Elasticsearch is implemented in the following ways:

The first is to optimize Elasticsearch functionality, performance and stability. Problems occur during the actual use of Elasticsearch. For example, field type conflicts are not allowed in Elasticsearch. When indexing, Elasticsearch checks to see if the new field has type conflicts across the entire cluster, which can cause data to pile up and the cluster to freeze. You need to optimize ES based on specific application scenarios, including Mapping update logic, adding long-term index storage, and optimizing Shard allocation logic for multiple storage paths. In addition, the Lucene search library for Elasticsearch calls has been improved and optimized, involving hundreds of source files and over ten thousand lines of source code.

Second, the professionalization of log search engine. Elasticsearch itself is a generic search engine, not a dedicated log analysis system, so there are a lot of features that are not required for log analysis. For example, logs are immutable and require little correlation. In fact, because Elasticsearch is available in a wider range of scenarios, some of the benefits mentioned above are subject to limitations.

Log Easy log search engine, greatly improving the log search performance. Here are the main improvements to search engines:

Optimization of field conflicts. Elasticsearch is schemaless, less is not No, there will still be field conflicts. This is particularly problematic with log data, which is often formatted differently. The log does its own processing in this area.

Statistical analysis and RESTful interface improvement. Elasticsearch’s statistical analytics and RESTful interface can be a source of JSON hell if you’re faced with complex requirements analysis. Of course, at this point, log easy also made the corresponding processing.

Real-time and performance are also the focus of large-scale cluster improvement and optimization. The engine we redeveloped has been reformed and optimized in different degrees in Replica strategy, Segment merging strategy, weight elimination strategy and DocValues statistics.

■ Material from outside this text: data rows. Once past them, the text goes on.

(* Let $(\mathfrak{g},f)$ be a factorizable Lie bialgebra. Put $\mathfrak{c}_1=\operatorname{Im}(f-1)$; then $\mathfrak{c}_1^\perp=\operatorname{Ker}f$, and $f$ induces an endomorphism $\tilde f$ of $\mathfrak{c}_1/\mathfrak{c}_1^\perp$ making $(\mathfrak{c}_1/\mathfrak{c}_1^\perp,\tilde f)$ a factorizable Lie bialgebra (with the form induced by $\kappa$). The map $\mathfrak{g}_f^{cop}\to\mathfrak{c}_1/\mathfrak{c}_1^\perp$, $x\mapsto (f-1)(x)+\mathfrak{c}_1^\perp$, is a surjective homomorphism of Lie bialgebras, with kernel $\operatorname{Ker}f+\operatorname{Ker}(f-1)$.
   Context: Let $\mathfrak{g}$ be a finite-dimensional complex Lie algebra with a nondegenerate invariant symmetric bilinear form $\kappa$; $\perp$ and adjoints $f^*$ are taken with respect to $\kappa$. A factorizable Lie bialgebra $(\mathfrak{g},f)$ is given by $f\in\operatorname{End}\mathfrak{g}$ with (i) $f+f^*=1$ and (ii) $[f(x),f(y)]=f([x,f(y)]+[f(x),y]-[x,y])$ for all $x,y$; its cobracket is $\delta(x)=[x\otimes1+1\otimes x,r]$ where $r=\sum_a x_a\otimes f(x^a)$ for any pair of $\kappa$-dual bases $(x_a),(x^a)$. $\mathfrak{g}_f$ denotes the dual Lie bialgebra $\mathfrak{g}^*$ transported to $\mathfrak{g}$ via $\kappa$: as a Lie algebra it is $\mathfrak{g}$ with bracket $[x,y]_f=[x,f(y)]+[f(x),y]-[x,y]$, and its cobracket is the transpose (via $\kappa$) of the bracket of $\mathfrak{g}$. For a Lie bialgebra $\mathfrak{l}$, $\mathfrak{l}^{cop}$ is $\mathfrak{l}$ with the same bracket and the negated cobracket. *)

theory Defs
  imports "HOL-Analysis.Analysis"
begin

text \<open>Elements of the
tensor square V (x) V of a finite-dimensional space are represented by their values on pairs
of linear functionals: the tensor sum_i a_i (x) b_i is the function
(alpha, beta) maps to sum_i alpha a_i * beta b_i.  Two tensors are equal iff these values agree
on all pairs of linear functionals.\<close>

type_synonym 'v functional = "'v \<Rightarrow> complex"
type_synonym 'v tensor2 = "'v functional \<Rightarrow> 'v functional \<Rightarrow> complex"

definition lin_functional :: "(complex \<Rightarrow> 'v::ab_group_add \<Rightarrow> 'v) \<Rightarrow> 'v functional \<Rightarrow> bool" where
  "lin_functional sc \<alpha> \<longleftrightarrow> Vector_Spaces.linear sc ((*) :: complex \<Rightarrow> complex \<Rightarrow> complex) \<alpha>"

definition fin_dim_space :: "(complex \<Rightarrow> 'v::ab_group_add \<Rightarrow> 'v) \<Rightarrow> bool" where
  "fin_dim_space sc \<longleftrightarrow> (\<exists>B. finite_dimensional_vector_space sc B)"

definition lie_algebra :: "(complex \<Rightarrow> 'v::ab_group_add \<Rightarrow> 'v) \<Rightarrow> ('v \<Rightarrow> 'v \<Rightarrow> 'v) \<Rightarrow> bool" where
  "lie_algebra sc br \<longleftrightarrow> vector_space sc
     \<and> (\<forall>x. Vector_Spaces.linear sc sc (br x)) \<and> (\<forall>y. Vector_Spaces.linear sc sc (\<lambda>x. br x y))
     \<and> (\<forall>x. br x x = 0)
     \<and> (\<forall>x y z. br x (br y z) + br y (br z x) + br z (br x y) = 0)"

definition invariant_form :: "(complex \<Rightarrow> 'v::ab_group_add \<Rightarrow> 'v) \<Rightarrow> ('v \<Rightarrow> 'v \<Rightarrow> 'v)
    \<Rightarrow> ('v \<Rightarrow> 'v \<Rightarrow> complex) \<Rightarrow> bool" where
  "invariant_form sc br \<kappa> \<longleftrightarrow>
     (\<forall>x. lin_functional sc (\<kappa> x))
     \<and> (\<forall>x y. \<kappa> x y = \<kappa> y x)
     \<and> (\<forall>x y z. \<kappa> (br x y) z = \<kappa> x (br y z))
     \<and> (\<forall>x. (\<forall>y. \<kappa> x y = 0) \<longrightarrow> x = 0)"

definition quadratic_lie_algebra :: "(complex \<Rightarrow> 'v::ab_group_add \<Rightarrow> 'v) \<Rightarrow> ('v \<Rightarrow> 'v \<Rightarrow> 'v)
    \<Rightarrow> ('v \<Rightarrow> 'v \<Rightarrow> complex) \<Rightarrow> bool" where
  "quadratic_lie_algebra sc br \<kappa> \<longleftrightarrow> fin_dim_space sc \<and> lie_algebra sc br \<and> invariant_form sc br \<kappa>"

definition perp :: "('v::ab_group_add \<Rightarrow> 'v \<Rightarrow> complex) \<Rightarrow> 'v set \<Rightarrow> 'v set" where
  "perp \<kappa> S = {x. \<forall>y\<in>S. \<kappa> x y = 0}"

text \<open>Factorizable Lie bialgebra (g, f): conditions (i) f + f* = 1, written through kappa
(f* is the kappa-adjoint, kappa (f* x) y = kappa x (f y)), and (ii).\<close>
definition factorizable :: "(complex \<Rightarrow> 'v::ab_group_add \<Rightarrow> 'v) \<Rightarrow> ('v \<Rightarrow> 'v \<Rightarrow> 'v)
    \<Rightarrow> ('v \<Rightarrow> 'v \<Rightarrow> complex) \<Rightarrow> ('v \<Rightarrow> 'v) \<Rightarrow> bool" where
  "factorizable sc br \<kappa> f \<longleftrightarrow> quadratic_lie_algebra sc br \<kappa> \<and> Vector_Spaces.linear sc sc f
     \<and> (\<forall>x y. \<kappa> (f x) y + \<kappa> x (f y) = \<kappa> x y)
     \<and> (\<forall>x y. br (f x) (f y) = f (br x (f y) + br (f x) y - br x y))"

definition dual_bases :: "(complex \<Rightarrow> 'v::ab_group_add \<Rightarrow> 'v) \<Rightarrow> ('v \<Rightarrow> 'v \<Rightarrow> complex)
    \<Rightarrow> 'v list \<Rightarrow> 'v list \<Rightarrow> bool" where
  "dual_bases sc \<kappa> xs ys \<longleftrightarrow> length xs = length ys
     \<and> module.span sc (set xs) = UNIV \<and> module.span sc (set ys) = UNIV
     \<and> (\<forall>i<length xs. \<forall>j<length ys. \<kappa> (xs ! i) (ys ! j) = (if i = j then 1 else 0))"

definition some_dual_bases :: "(complex \<Rightarrow> 'v::ab_group_add \<Rightarrow> 'v) \<Rightarrow> ('v \<Rightarrow> 'v \<Rightarrow> complex)
    \<Rightarrow> 'v list \<times> 'v list" where
  "some_dual_bases sc \<kappa> = (SOME p. dual_bases sc \<kappa> (fst p) (snd p))"

text \<open>The r-matrix r = sum_a x_a (x) f(x^a).\<close>
definition r_matrix :: "(complex \<Rightarrow> 'v::ab_group_add \<Rightarrow> 'v) \<Rightarrow> ('v \<Rightarrow> 'v \<Rightarrow> complex)
    \<Rightarrow> ('v \<Rightarrow> 'v) \<Rightarrow> 'v tensor2" where
  "r_matrix sc \<kappa> f \<alpha> \<beta> =
     (let xs = fst (some_dual_bases sc \<kappa>); ys = snd (some_dual_bases sc \<kappa>)
      in (\<Sum>a<length xs. \<alpha> (xs ! a) * \<beta> (f (ys ! a))))"

text \<open>Cobracket delta(x) = [x (x) 1 + 1 (x) x, r] = (ad_x (x) 1 + 1 (x) ad_x) r.\<close>
definition cobracket :: "(complex \<Rightarrow> 'v::ab_group_add \<Rightarrow> 'v) \<Rightarrow> ('v \<Rightarrow> 'v \<Rightarrow> 'v)
    \<Rightarrow> ('v \<Rightarrow> 'v \<Rightarrow> complex) \<Rightarrow> ('v \<Rightarrow> 'v) \<Rightarrow> 'v \<Rightarrow> 'v tensor2" where
  "cobracket sc br \<kappa> f x \<alpha> \<beta> =
     r_matrix sc \<kappa> f (\<lambda>v. \<alpha> (br x v)) \<beta> + r_matrix sc \<kappa> f \<alpha> (\<lambda>v. \<beta> (br x v))"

If you want to explore Elasticsearch optimization experience, please join me at the CNUTCon log Processing forum in Shanghai in November.

Elasticsearch recently went public on THE Nyse, which is one of the few successful companies in the open source software field. After the listing, Elasticsearch will further improve its brand influence, financial strength and talent attraction. With this comes greater investment, which will certainly increase the influence of search engines in the technology community and the acceptance of search engine-based log analysis among IT professionals. The future of this sector should continue to flourish, and I expect more new scenarios to emerge.